Bjoern,
I and some others like Keith Miller on this list study fossils and I
would love to comment on your questions (they are good). However, I
NEVER am able to write a post without a lot of thought an time.
Especially because sometimes my perspective differs a bit from some on
this list. And right now is not a good time to take that sort of time
since I am grading long essay questions from the end of the semester.
However, if you look at the archives at
http://www.calvin.edu/cgi-bin/archive and search for fossil or perhaps
fossils, you will find a lot of interesting posts. They may give you
something to react to.
But let me save my comments for a quick reaction to something that
George said.
> --- george murphy <gmurphy@raex.com> wrote:
>
> The
> > previous paragraph is
> > then inapplicable, but I would add that it is at
> > least as important,
> > especially if arguments about design & evolution are
> > major parts of the
> > discussion, that the teachers have expertise in
> > science as in
> > philosophy.
>
To which Bjoern responded.
> Perhaps this is the real problem here, they aren't
> scientists.
I agree with George that is very helpful to know something about the
subject matter you are talking about.
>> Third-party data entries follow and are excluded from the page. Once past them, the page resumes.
(* Let $\Upsilon$ be a $\delta$--hyperbolic geodesic metric space and let $m,\epsilon>0$ and $c\ge 0$ be real numbers. There exists a constant $\epsilon'$ such that for any finite or countably infinite collection of subsets $\{X_i\}_{i=1}^{\Lambda}$ of $\Upsilon$ satisfying (1) each $X_i$ is $\epsilon$--quasi-convex; (2) $X_i\cap X_{i+1}\neq\emptyset$ for each $i$; (3) for all $i,j$ and all $x\in X_i$, $y\in X_j$, $d(x,y)\ge m(|i-j|-c)$, the union $\bigcup_i X_i$ is $\epsilon'$--quasi-convex.
   Context: $\delta$--hyperbolic means geodesic triangles are $\delta$--slim. A subset $Z$ is $\epsilon$--quasi-convex if every geodesic joining two points of $Z$ lies in the $\epsilon$--neighborhood of $Z$. The constant $\epsilon'$ depends only on $\delta,m,\epsilon,c$, not on the collection. *)

theory Defs
  imports "HOL-Analysis.Analysis"
begin

definition geodesic_segment_between :: "'a::metric_space set \<Rightarrow> 'a \<Rightarrow> 'a \<Rightarrow> bool" where
  "geodesic_segment_between G x y \<longleftrightarrow>
     (\<exists>\<gamma>::real \<Rightarrow> 'a. \<gamma> 0 = x \<and> \<gamma> (dist x y) = y
        \<and> (\<forall>s\<in>{0..dist x y}. \<forall>t\<in>{0..dist x y}. dist (\<gamma> s) (\<gamma> t) = \<bar>s - t\<bar>)
        \<and> G = \<gamma> ` {0..dist x y})"

definition geodesic_space :: "'a::metric_space itself \<Rightarrow> bool" where
  "geodesic_space _ \<longleftrightarrow> (\<forall>x y::'a. \<exists>G. geodesic_segment_between G x y)"

definition nbhd :: "real \<Rightarrow> 'a::metric_space set \<Rightarrow> 'a set" where
  "nbhd r A = {p. \<exists>q\<in>A. dist p q \<le> r}"

definition hyperbolic :: "real \<Rightarrow> 'a::metric_space itself \<Rightarrow> bool" where
  "hyperbolic \<delta> _ \<longleftrightarrow> (\<forall>x y z::'a. \<forall>Gxy Gyz Gxz.
      geodesic_segment_between Gxy x y \<and> geodesic_segment_between Gyz y z
      \<and> geodesic_segment_between Gxz x z \<longrightarrow> Gxy \<subseteq> nbhd \<delta> (Gyz \<union> Gxz))"

definition quasi_convex :: "real \<Rightarrow> 'a::metric_space set \<Rightarrow> bool" where
  "quasi_convex \<epsilon> Z \<longleftrightarrow> (\<forall>x\<in>Z. \<forall>y\<in>Z. \<forall>G. geodesic_segment_between G x y \<longrightarrow> G \<subseteq> nbhd \<epsilon> Z)"

end

theory Submission
  imports Defs "HOL-Real_Asymp.Real_Asymp"
begin

(* A chain of fewer than 2^L consecutive sets is (\<epsilon> + L\<delta>)-quasi-convex: split it into two
   halves sharing a point p and use that a geodesic [x,y] is \<delta>-close to [x,p] \<union> [p,y].
   For a long chain, take z on a geodesic [x,y] with x \<in> X a, y \<in> X b, and let t be the first
   index such that [x,p] passes \<delta>-close to z for some p \<in> X t.  If t < a + 2^L the short case
   applies to [x,p].  Otherwise put s = t - 2^L and pick q \<in> X s \<inter> X (s+1).  Three slim
   triangles place z within 2\<delta> of [q,p], which lies over a short chain, unless [x,q] and [p,y]
   come within 2K + 4\<delta> of each other.  By induction on b - a these two geodesics are K-close
   to the parts of the chain indexed up to s and from t on, which separation keeps
   m(2^L - c) apart; since 2^L outgrows L\<delta>, a large L makes this exceed 2K + 4\<delta>,
   where K = \<epsilon> + L\<delta> + 2\<delta>. *)

lemma geodesic_segment_between_reverse:
  assumes "geodesic_segment_between G x y"
  shows "geodesic_segment_between G y x"
proof -
  define d where "d = dist x y"
  from assms obtain \<gamma> where \<gamma>: "\<gamma> 0 = x" "\<gamma> d = y"
    "\<forall>s\<in>{0..d}. \<forall>t\<in>{0..d}. dist (\<gamma> s) (\<gamma> t) = \<bar>s - t\<bar>" "G = \<gamma> ` {0..d}"
    unfolding geodesic_segment_between_def d_def by blast
  define \<gamma>' where "\<gamma>' = (\<lambda>s. \<gamma> (d - s))"
  have "G = \<gamma>' ` {0..d}"
    using \<gamma>(4) image_image[of \<gamma> "(-) d" "{0..d}"] by (simp add: \<gamma>'_def)
  moreover have "\<forall>s\<in>{0..d}. \<forall>t\<in>{0..d}. dist (\<gamma>' s) (\<gamma>' t) = \<bar>s - t\<bar>"
    using \<gamma>(3) by (auto simp: \<gamma>'_def abs_minus_commute)
  moreover have "\<gamma>' 0 = y" "\<gamma>' (dist y x) = x"
    using \<gamma> by (simp_all add: \<gamma>'_def d_def dist_commute)
  ultimately show ?thesis
    unfolding geodesic_segment_between_def by (metis d_def dist_commute)
qed

lemma geodesic_segment_between_commute:
  "geodesic_segment_between G x y \<longleftrightarrow> geodesic_segment_between G y x"
  using geodesic_segment_between_reverse by blast

lemma geodesic_segment_between_same:
  "geodesic_segment_between G x x \<Longrightarrow> G = {x}"
  unfolding geodesic_segment_between_def by force

lemma nbhd_mono: "r \<le> s \<Longrightarrow> A \<subseteq> B \<Longrightarrow> nbhd r A \<subseteq> nbhd s B"
  unfolding nbhd_def by force

lemma nbhd_dist_trans: "w \<in> nbhd r A \<Longrightarrow> dist z w \<le> s \<Longrightarrow> z \<in> nbhd (s + r) A"
  unfolding nbhd_def by (smt (verit, best) dist_triangle mem_Collect_eq)

lemma nbhd_nbhd: "nbhd s (nbhd r A) \<subseteq> nbhd (s + r) A"
  using nbhd_dist_trans unfolding nbhd_def by blast

lemma quasi_convex_mono: "r \<le> s \<Longrightarrow> quasi_convex r A \<Longrightarrow> quasi_convex s A"
  unfolding quasi_convex_def by (meson nbhd_mono order.trans order_refl)

lemma ex_least_nat_between:
  fixes a b :: nat
  assumes "P b" and "a \<le> b"
  obtains t where "a \<le> t" "t \<le> b" "P t" "\<And>s. a \<le> s \<Longrightarrow> s < t \<Longrightarrow> \<not> P s"
proof -
  obtain t where t: "a \<le> t" "P t" and least: "\<And>s. s < t \<Longrightarrow> \<not> (a \<le> s \<and> P s)"
    using exists_least_iff[of "\<lambda>t. a \<le> t \<and> P t"] assms by blast
  have "t \<le> b"
    using least[of b] assms by force
  then show thesis
    using that t least by blast
qed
But I would respectfully disagree
that you have to be a scientists to comment on evolution. Yes you
should at least have read good secondary sources - but today's
scholarship is so specialized that very few broadly trained scholars
exist. The best you can expect is for someone to be trained in one
aspect that he is talking about and read good secondary sources. To his
credit Phil Johnson did do that originally. Some of the other ID folks
like Dembski and Behe restrict their argument to the areas they are in
and don't bother to cite secondary sources on evolutionary theory or
worse simply cite other ID folks.
But many of the ID folks are good scientists with established records of
doing good science. (e.g. Behe in biochemistry and Dembski in
mathematics and philosophy). The fact that they can speak as
established scientists does do a lot for their influence. The fact that
they generally think the neoDarwinian synthesis is flawed probably is
also important in giving them an audience among evangelical seminaries
and churches in a way that ASA can not because it may be perceived
(rightly or wrongly) as compromising too much with a secularizing
neoDarwinian philosophy. But yes I think it is critical for the ASA to
have more dialog with lay evangelicals.